Segment Start: Given entries

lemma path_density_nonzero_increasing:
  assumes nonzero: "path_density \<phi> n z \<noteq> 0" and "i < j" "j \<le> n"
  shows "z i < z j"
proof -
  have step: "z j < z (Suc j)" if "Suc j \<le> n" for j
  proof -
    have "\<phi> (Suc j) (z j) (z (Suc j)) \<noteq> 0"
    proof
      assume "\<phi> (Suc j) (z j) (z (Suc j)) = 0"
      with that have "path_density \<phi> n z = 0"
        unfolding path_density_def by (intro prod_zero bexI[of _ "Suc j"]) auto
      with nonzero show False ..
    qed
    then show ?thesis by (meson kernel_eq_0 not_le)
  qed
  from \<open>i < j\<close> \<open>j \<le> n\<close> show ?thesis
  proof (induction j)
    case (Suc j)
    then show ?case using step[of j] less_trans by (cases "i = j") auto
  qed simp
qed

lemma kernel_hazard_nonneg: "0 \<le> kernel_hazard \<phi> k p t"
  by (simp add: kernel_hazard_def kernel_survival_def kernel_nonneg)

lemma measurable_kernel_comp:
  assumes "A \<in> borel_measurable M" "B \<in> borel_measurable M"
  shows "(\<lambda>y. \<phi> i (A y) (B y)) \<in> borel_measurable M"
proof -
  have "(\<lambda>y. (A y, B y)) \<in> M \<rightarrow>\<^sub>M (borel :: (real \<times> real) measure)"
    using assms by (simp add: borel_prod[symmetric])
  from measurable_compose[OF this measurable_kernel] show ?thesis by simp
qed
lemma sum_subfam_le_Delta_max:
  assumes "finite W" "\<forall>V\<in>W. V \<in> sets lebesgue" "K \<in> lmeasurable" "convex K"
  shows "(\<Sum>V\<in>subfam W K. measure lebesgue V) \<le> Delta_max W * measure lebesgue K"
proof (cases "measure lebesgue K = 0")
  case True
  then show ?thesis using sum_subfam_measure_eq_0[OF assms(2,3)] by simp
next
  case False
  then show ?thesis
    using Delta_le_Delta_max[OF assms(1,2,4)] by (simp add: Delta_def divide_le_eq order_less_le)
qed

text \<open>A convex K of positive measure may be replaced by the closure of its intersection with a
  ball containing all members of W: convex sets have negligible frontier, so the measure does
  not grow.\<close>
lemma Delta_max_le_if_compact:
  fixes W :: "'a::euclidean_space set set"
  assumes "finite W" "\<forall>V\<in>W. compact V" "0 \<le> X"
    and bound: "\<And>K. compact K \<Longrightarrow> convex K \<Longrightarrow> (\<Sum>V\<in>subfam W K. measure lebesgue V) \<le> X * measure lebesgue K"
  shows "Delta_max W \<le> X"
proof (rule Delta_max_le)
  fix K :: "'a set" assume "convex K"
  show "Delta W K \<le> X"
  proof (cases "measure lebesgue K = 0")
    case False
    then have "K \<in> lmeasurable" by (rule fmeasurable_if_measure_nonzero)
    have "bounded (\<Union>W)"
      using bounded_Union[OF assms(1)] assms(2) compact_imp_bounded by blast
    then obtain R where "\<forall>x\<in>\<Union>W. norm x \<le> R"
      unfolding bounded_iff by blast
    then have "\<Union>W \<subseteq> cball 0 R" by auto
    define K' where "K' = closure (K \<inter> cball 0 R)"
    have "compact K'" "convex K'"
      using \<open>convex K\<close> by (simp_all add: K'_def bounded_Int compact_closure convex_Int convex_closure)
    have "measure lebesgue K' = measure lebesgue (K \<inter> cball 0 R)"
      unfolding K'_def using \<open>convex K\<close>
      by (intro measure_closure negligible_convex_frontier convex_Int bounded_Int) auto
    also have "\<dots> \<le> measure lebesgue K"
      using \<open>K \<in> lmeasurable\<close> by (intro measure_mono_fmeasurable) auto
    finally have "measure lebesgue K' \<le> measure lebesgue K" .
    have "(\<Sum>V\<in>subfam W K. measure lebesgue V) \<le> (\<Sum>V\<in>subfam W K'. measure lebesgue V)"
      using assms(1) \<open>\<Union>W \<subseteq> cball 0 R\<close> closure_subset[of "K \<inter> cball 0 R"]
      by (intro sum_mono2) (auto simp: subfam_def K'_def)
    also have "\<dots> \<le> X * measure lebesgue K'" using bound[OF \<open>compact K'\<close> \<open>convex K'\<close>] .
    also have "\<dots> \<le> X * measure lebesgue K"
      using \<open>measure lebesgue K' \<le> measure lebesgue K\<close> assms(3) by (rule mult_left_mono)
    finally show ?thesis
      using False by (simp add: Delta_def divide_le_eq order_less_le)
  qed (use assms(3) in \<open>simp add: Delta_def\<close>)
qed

Segment End: Given entries

(Problem to solve) Copy every entry exactly, leaving nothing out.

(Task response)
lemma path_density_nonzero_increasing:
  assumes nonzero: "path_density \<phi> n z \<noteq> 0" and "i < j" "j \<le> n"
  shows "z i < z j"
proof -
  have step: "z j < z (Suc j)" if "Suc j \<le> n" for j
  proof -
    have "\<phi> (Suc j) (z j) (z (Suc j)) \<noteq> 0"
    proof
      assume "\<phi> (Suc j) (z j) (z (Suc j)) = 0"
      with that have "path_density \<phi> n z = 0"
        unfolding path_density_def by (intro prod_zero bexI[of _ "Suc j"]) auto
      with nonzero show False ..
    qed
    then show ?thesis by (meson kernel_eq_0 not_le)
  qed
  from \<open>i < j\<close> \<open>j \<le> n\<close> show ?thesis
  proof (induction j)
    case (Suc j)
    then show ?case using step[of j] less_trans by (cases "i = j") auto
  qed simp
qed

lemma kernel_hazard_nonneg: "0 \<le> kernel_hazard \<phi> k p t"
  by (simp add: kernel_hazard_def kernel_survival_def kernel_nonneg)

lemma measurable_kernel_comp:
  assumes "A \<in> borel_measurable M" "B \<in> borel_measurable M"
  shows "(\<lambda>y. \<phi> i (A y) (B y)) \<in> borel_measurable M"
proof -
  have "(\<lambda>y. (A y, B y)) \<in> M \<rightarrow>\<^sub>M (borel :: (real \<times> real) measure)"
    using assms by (simp add: borel_prod[symmetric])
  from measurable_compose[OF this measurable_kernel] show ?thesis by simp
qed
lemma sum_subfam_le_Delta_max:
  assumes "finite W" "\<forall>V\<in>W. V \<in> sets lebesgue" "K \<in> lmeasurable" "convex K"
  shows "(\<Sum>V\<in>subfam W K. measure lebesgue V) \<le> Delta_max W * measure lebesgue K"
proof (cases "measure lebesgue K = 0")
  case True
  then show ?thesis using sum_subfam_measure_eq_0[OF assms(2,3)] by simp
next
  case False
  then show ?thesis
    using Delta_le_Delta_max[OF assms(1,2,4)] by (simp add: Delta_def divide_le_eq order_less_le)
qed

text \<open>A convex K of positive measure may be replaced by the closure of its intersection with a
  ball containing all members of W: convex sets have negligible frontier, so the measure does
  not grow.\<close>
lemma Delta_max_le_if_compact:
  fixes W :: "'a::euclidean_space set set"
  assumes "finite W" "\<forall>V\<in>W. compact V" "0 \<le> X"
    and bound: "\<And>K. compact K \<Longrightarrow> convex K \<Longrightarrow> (\<Sum>V\<in>subfam W K. measure lebesgue V) \<le> X * measure lebesgue K"
  shows "Delta_max W \<le> X"
proof (rule Delta_max_le)
  fix K :: "'a set" assume "convex K"
  show "Delta W K \<le> X"
  proof (cases "measure lebesgue K = 0")
    case False
    then have "K \<in> lmeasurable" by (rule fmeasurable_if_measure_nonzero)
    have "bounded (\<Union>W)"
      using bounded_Union[OF assms(1)] assms(2) compact_imp_bounded by blast
    then obtain R where "\<forall>x\<in>\<Union>W. norm x \<le> R"
      unfolding bounded_iff by blast
    then have "\<Union>W \<subseteq> cball 0 R" by auto
    define K' where "K' = closure (K \<inter> cball 0 R)"
    have "compact K'" "convex K'"
      using \<open>convex K\<close> by (simp_all add: K'_def bounded_Int compact_closure convex_Int convex_closure)
    have "measure lebesgue K' = measure lebesgue (K \<inter> cball 0 R)"
      unfolding K'_def using \<open>convex K\<close>
      by (intro measure_closure negligible_convex_frontier convex_Int bounded_Int) auto
    also have "\<dots> \<le> measure lebesgue K"
      using \<open>K \<in> lmeasurable\<close> by (intro measure_mono_fmeasurable) auto
    finally have "measure lebesgue K' \<le> measure lebesgue K" .
    have "(\<Sum>V\<in>subfam W K. measure lebesgue V) \<le> (\<Sum>V\<in>subfam W K'. measure lebesgue V)"
      using assms(1) \<open>\<Union>W \<subseteq> cball 0 R\<close> closure_subset[of "K \<inter> cball 0 R"]
      by (intro sum_mono2) (auto simp: subfam_def K'_def)
    also have "\<dots> \<le> X * measure lebesgue K'" using bound[OF \<open>compact K'\<close> \<open>convex K'\<close>] .
    also have "\<dots> \<le> X * measure lebesgue K"
      using \<open>measure lebesgue K' \<le> measure lebesgue K\<close> assms(3) by (rule mult_left_mono)
    finally show ?thesis
      using False by (simp add: Delta_def divide_le_eq order_less_le)
  qed (use assms(3) in \<open>simp add: Delta_def\<close>)
qed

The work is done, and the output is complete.